*** Opening EXERCISE DATA ***
theorem theorem1:
  fixes Vq :: "'v set" and Eq :: "'v set set" and Lq :: "'v \<Rightarrow> 'l"
    and VH :: "'w set" and EH :: "'w set set" and LH :: "'w \<Rightarrow> 'l"
    and M :: "'v set \<Rightarrow> 'w set"
  assumes "hypergraph Vq Eq"
    and "hypergraph VH EH"
    and "\<forall>e\<in>Eq. M e \<in> EH"
  shows "embedding Vq Eq Lq VH EH LH M \<longleftrightarrow>
         (\<forall>S. S \<subseteq> Eq \<and> S \<noteq> {} \<longrightarrow> Sig Lq (\<Inter>S) = Sig LH (\<Inter>(M ` S)))"
proof
  assume "embedding Vq Eq Lq VH EH LH M"
  then show "\<forall>S. S \<subseteq> Eq \<and> S \<noteq> {} \<longrightarrow> Sig Lq (\<Inter>S) = Sig LH (\<Inter>(M ` S))"
    using embedding_imp_Sig_Inter_eq[OF assms(1)] by blast
next
  assume "\<forall>S. S \<subseteq> Eq \<and> S \<noteq> {} \<longrightarrow> Sig Lq (\<Inter>S) = Sig LH (\<Inter>(M ` S))"
  then show "embedding Vq Eq Lq VH EH LH M"
    by (intro embedding_if_venn_cells_equicardinal[OF assms]
        venn_cells_equicardinal_if_Sig_Inter_eq[OF assms])
qed

end
(* The terms have size about ln^d n / n, so the series converges only conditionally;
   consecutive terms of opposite sign nearly cancel, leaving pairs of size O(j powr (-3/2)). *)
lemma summable_mzv_coeff_neg:
  assumes r: "set r \<subseteq> {1, -1}"
  shows "summable (mzv_coeff (-1) r)"
proof -
  define T where "T = mzv_trunc r"
  define C where "C = (1 + 2 * real (length r)) ^ length r"
  have T: "\<bar>T n\<bar> \<le> C * sqrt (real n + 1)" for n
    unfolding T_def C_def using r by (rule abs_mzv_trunc_le_sqrt)
  obtain D where D: "\<And>n. \<bar>T (Suc n) - T n\<bar> \<le> D / sqrt (real n + 1)"
    using mzv_trunc_increment_le[OF r] unfolding T_def by blast
  define b where "b n = mzv_coeff (-1) r (Suc n)" for n
  have b_even: "b (2 * j) = - T (2 * j) / (2 * real j + 1)"
    and b_odd: "b (2 * j + 1) = T (2 * j + 1) / (2 * real j + 2)" for j
    by (simp_all add: b_def mzv_coeff_def T_def)
  have "summable (\<lambda>j. b (2 * j) + b (2 * j + 1))"
  proof (rule summable_comparison_test')
    define w where "w j = 1 / (sqrt (2 * real j + 1) * (2 * real j + 2))" for j
    have "w \<in> O(\<lambda>j. real j powr (-3/2))" unfolding w_def by real_asymp
    then have "summable w"
      by (rule summable_comparison_test_bigo[rotated]) (simp add: summable_real_powr_iff)
    then show "summable (\<lambda>j. (C + D) * w j)" by (rule summable_mult)
    fix j :: nat assume "j \<ge> 0"
    have "\<bar>T (2 * j + 1) / ((2 * real j + 1) + 1) - T (2 * j) / (2 * real j + 1)\<bar>
        \<le> (C + D) / (sqrt (2 * real j + 1) * ((2 * real j + 1) + 1))"
      using D[of "2 * j"] T[of "2 * j"] by (intro abs_diff_quotients_le) simp_all
    then show "norm (b (2 * j) + b (2 * j + 1)) \<le> (C + D) * w j"
      unfolding b_even b_odd w_def by (simp add: add.assoc)
  qed
  moreover have "b \<longlonglongrightarrow> 0"
  proof (rule Lim_null_comparison)
    show "eventually (\<lambda>n. norm (b n) \<le> C * sqrt (real n + 1) / (real n + 1)) sequentially"
      using T by (intro always_eventually allI)
        (simp add: b_def abs_mzv_coeff_Suc T_def divide_right_mono add.commute)
    show "(\<lambda>n. C * sqrt (real n + 1) / (real n + 1)) \<longlonglongrightarrow> 0" by real_asymp
  qed
  ultimately have "summable b" by (rule summable_if_summable_pairs)
  then show ?thesis unfolding b_def by (rule summable_Suc_iff[THEN iffD1])
qed
(* Let $\tau$ be a primitive, aperiodic substitution and let $g_1,g_2$ be generators for $\tau$. Then $g_1^*\sim_r g_2^*$ holds if and only if there exist generators $g_1'\sim_G g_1$ and $g_2'\sim_G g_2$ whose right wings are identical.
   Context: Let $\mathcal{A}$ be a finite nonempty alphabet, $\mathcal{A}^*$ the finite words over $\mathcal{A}$ (including the empty word), $\mathcal{A}^+$ the nonempty words, $|u|$ the length of $u$. A word $u$ is a factor of $v$ if $v=w_1uw_2$ for some words $w_1,w_2$. A substitution is a map $\tau:\mathcal{A}\to\mathcal{A}^+$ extended to a concatenation-respecting map on words and letterwise to sequences. For $x\in\mathcal{A}^{\mathbb{Z}}$, $x_{[i]}$ denotes the letter at index $i$ and $x_{[i,j]}$ the word $x_{[i]}\cdots x_{[j]}$. The language $\mathcal{L}(\tau)$ is the set of words that are factors of $\tau^n(a)$ for some letter $a$ and some $n\ge1$; $X_\tau=\{x\in\mathcal{A}^{\mathbb{Z}}: x_{[i,j]}\in\mathcal{L}(\tau)\ \forall i\le j\}$. $\tau$ is primitive if there is $n\ge1$ such that every letter $b$ is a factor of $\tau^n(a)$ for every letter $a$, and there is a letter $a$ such that for every $N$ there is $n$ with $|\tau^n(a)|>N$; a primitive $\tau$ is aperiodic if $X_\tau$ is infinite. A generator for $\tau$ is a triple $(v,u,w)$ with $v,u,w\in\mathcal{A}^+$, $u\in\mathcal{L}(\tau)$ and $\tau(u)=vuw$; $v$, $u$, $w$ are its left wing, center and right wing, and its length is $|u|$. Its completion $(v,u,w)^*\in X_\tau$ is the two-sided sequence $\cdots\tau^2(v)\tau(v)vu.w\tau(w)\tau^2(w)\cdots$, i.e. the left-infinite word $\cdots\tau^2(v)\tau(v)vu$ occupies the negative indices, ending at index $-1$, and the right-infinite word $w\tau(w)\tau^2(w)\cdots$ occupies the indices $\ge0$, starting at index $0$. If $(v,u,cw)$ is a generator with $c\in\mathcal{A}$, $w\in\mathcal{A}^*$, its right extension is the generator $(v,uc,w\tau(c))$; if $(vc,u,w)$ is a generator with $c\in\mathcal{A}$, $v\in\mathcal{A}^*$, its left extension is the generator $(\tau(c)v,cu,w)$. Two generators $g_1,g_2$ are G related ($g_1\sim_G g_2$) if there is a generator $g_3$ obtainable from $g_1$ and also from $g_2$ by finite (possibly empty) sequences of left and right extensions. For $x,y\in X_\tau$, $x\sim_r y$ (right tail equivalence) means there are $m,M\in\mathbb{Z}$ with $x_{[i]}=y_{[i+m]}$ for all $i\ge M$. *)

theory Defs
  imports Main
begin

definition subst_word :: "('a \<Rightarrow> 'a list) \<Rightarrow> 'a list \<Rightarrow> 'a list" where
  "subst_word \<tau> u = concat (map \<tau> u)"

definition factor :: "'a list \<Rightarrow> 'a list \<Rightarrow> bool" where
  "factor u v \<longleftrightarrow> (\<exists>w1 w2. v = w1 @ u @ w2)"

definition lang :: "('a \<Rightarrow> 'a list) \<Rightarrow> 'a list set" where
  "lang \<tau> = {u. \<exists>a n. n \<ge> 1 \<and> factor u ((subst_word \<tau> ^^ n) [a])}"

definition window :: "(int \<Rightarrow> 'a) \<Rightarrow> int \<Rightarrow> int \<Rightarrow> 'a list" where
  "window x i j = map (\<lambda>k. x (i + int k)) [0..<nat (j - i + 1)]"

definition shift_space :: "('a \<Rightarrow> 'a list) \<Rightarrow> (int \<Rightarrow> 'a) set" where
  "shift_space \<tau> = {x. \<forall>i j. i \<le> j \<longrightarrow> window x i j \<in> lang \<tau>}"

definition primitive :: "('a \<Rightarrow> 'a list) \<Rightarrow> bool" where
  "primitive \<tau> \<longleftrightarrow> (\<forall>a. \<tau> a \<noteq> []) \<and>
     (\<exists>n\<ge>1. \<forall>a b. factor [b] ((subst_word \<tau> ^^ n) [a])) \<and>
     (\<exists>a. \<forall>N. \<exists>n. length ((subst_word \<tau> ^^ n) [a]) > N)"

definition aperiodic :: "('a \<Rightarrow> 'a list) \<Rightarrow> bool" where
  "aperiodic \<tau> \<longleftrightarrow> primitive \<tau> \<and> infinite (shift_space \<tau>)"

type_synonym 'a gen = "'a list \<times> 'a list \<times> 'a list"

definition generator :: "('a \<Rightarrow> 'a list) \<Rightarrow> 'a gen \<Rightarrow> bool" where
  "generator \<tau> g \<longleftrightarrow> (case g of (v, u, w) \<Rightarrow>
     v \<noteq> [] \<and> u \<noteq> [] \<and> w \<noteq> [] \<and> u \<in> lang \<tau> \<and> subst_word \<tau> u = v @ u @ w)"

definition right_wing :: "'a gen \<Rightarrow> 'a list" where
  "right_wing g = snd (snd g)"

text \<open>Completion: indices >= 0 carry w tau(w) tau^2(w) ...; indices < 0 carry
... tau^2(v) tau(v) v u, ending at index -1.\<close>

definition right_seq :: "('a \<Rightarrow> 'a list) \<Rightarrow> 'a list \<Rightarrow> nat \<Rightarrow> 'a" where
  "right_seq \<tau> w i = concat (map (\<lambda>k. (subst_word \<tau> ^^ k) w) [0..<Suc i]) ! i"

definition left_seq :: "('a \<Rightarrow> 'a list) \<Rightarrow> 'a list \<Rightarrow> 'a list \<Rightarrow> nat \<Rightarrow> 'a" where
  "left_seq \<tau> v u i =
     rev (concat (map (\<lambda>k. (subst_word \<tau> ^^ k) v) (rev [0..<i])) @ u) ! (i - 1)"
  \<comment> \<open>letter at index -i, for i >= 1\<close>

definition completion :: "('a \<Rightarrow> 'a list) \<Rightarrow> 'a gen \<Rightarrow> (int \<Rightarrow> 'a)" where
  "completion \<tau> g = (case g of (v, u, w) \<Rightarrow>
     (\<lambda>i. if 0 \<le> i then right_seq \<tau> w (nat i) else left_seq \<tau> v u (nat (- i))))"

definition right_ext :: "('a \<Rightarrow> 'a list) \<Rightarrow> 'a gen \<Rightarrow> 'a gen \<Rightarrow> bool" where
  "right_ext \<tau> g g' \<longleftrightarrow> generator \<tau> g \<and>
     (\<exists>v u c w. g = (v, u, c # w) \<and> g' = (v, u @ [c], w @ \<tau> c))"

definition left_ext :: "('a \<Rightarrow> 'a list) \<Rightarrow> 'a gen \<Rightarrow> 'a gen \<Rightarrow> bool" where
  "left_ext \<tau> g g' \<longleftrightarrow> generator \<tau> g \<and>
     (\<exists>v u c w. g = (v @ [c], u, w) \<and> g' = (\<tau> c @ v, c # u, w))"

definition ext_step :: "('a \<Rightarrow> 'a list) \<Rightarrow> 'a gen \<Rightarrow> 'a gen \<Rightarrow> bool" where
  "ext_step \<tau> g g' \<longleftrightarrow> left_ext \<tau> g g' \<or> right_ext \<tau> g g'"

definition G_related :: "('a \<Rightarrow> 'a list) \<Rightarrow> 'a gen \<Rightarrow> 'a gen \<Rightarrow> bool" where
  "G_related \<tau> g1 g2 \<longleftrightarrow> generator \<tau> g1 \<and> generator \<tau> g2 \<and>
     (\<exists>g3. (ext_step \<tau>)\<^sup>*\<^sup>* g1 g3 \<and> (ext_step \<tau>)\<^sup>*\<^sup>* g2 g3)"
*** Closing EXERCISE DATA ***
Would you please copy exactly the part of the entries above that begins at the line containing "map (\<lambda>k. x" and ends at the line containing "j \<longrightarrow> window", both lines included?

* **REPLY**
  "window x i j = map (\<lambda>k. x (i + int k)) [0..<nat (j - i + 1)]"

definition shift_space :: "('a \<Rightarrow> 'a list) \<Rightarrow> (int \<Rightarrow> 'a) set" where
  "shift_space \<tau> = {x. \<forall>i j. i \<le> j \<longrightarrow> window x i j \<in> lang \<tau>}"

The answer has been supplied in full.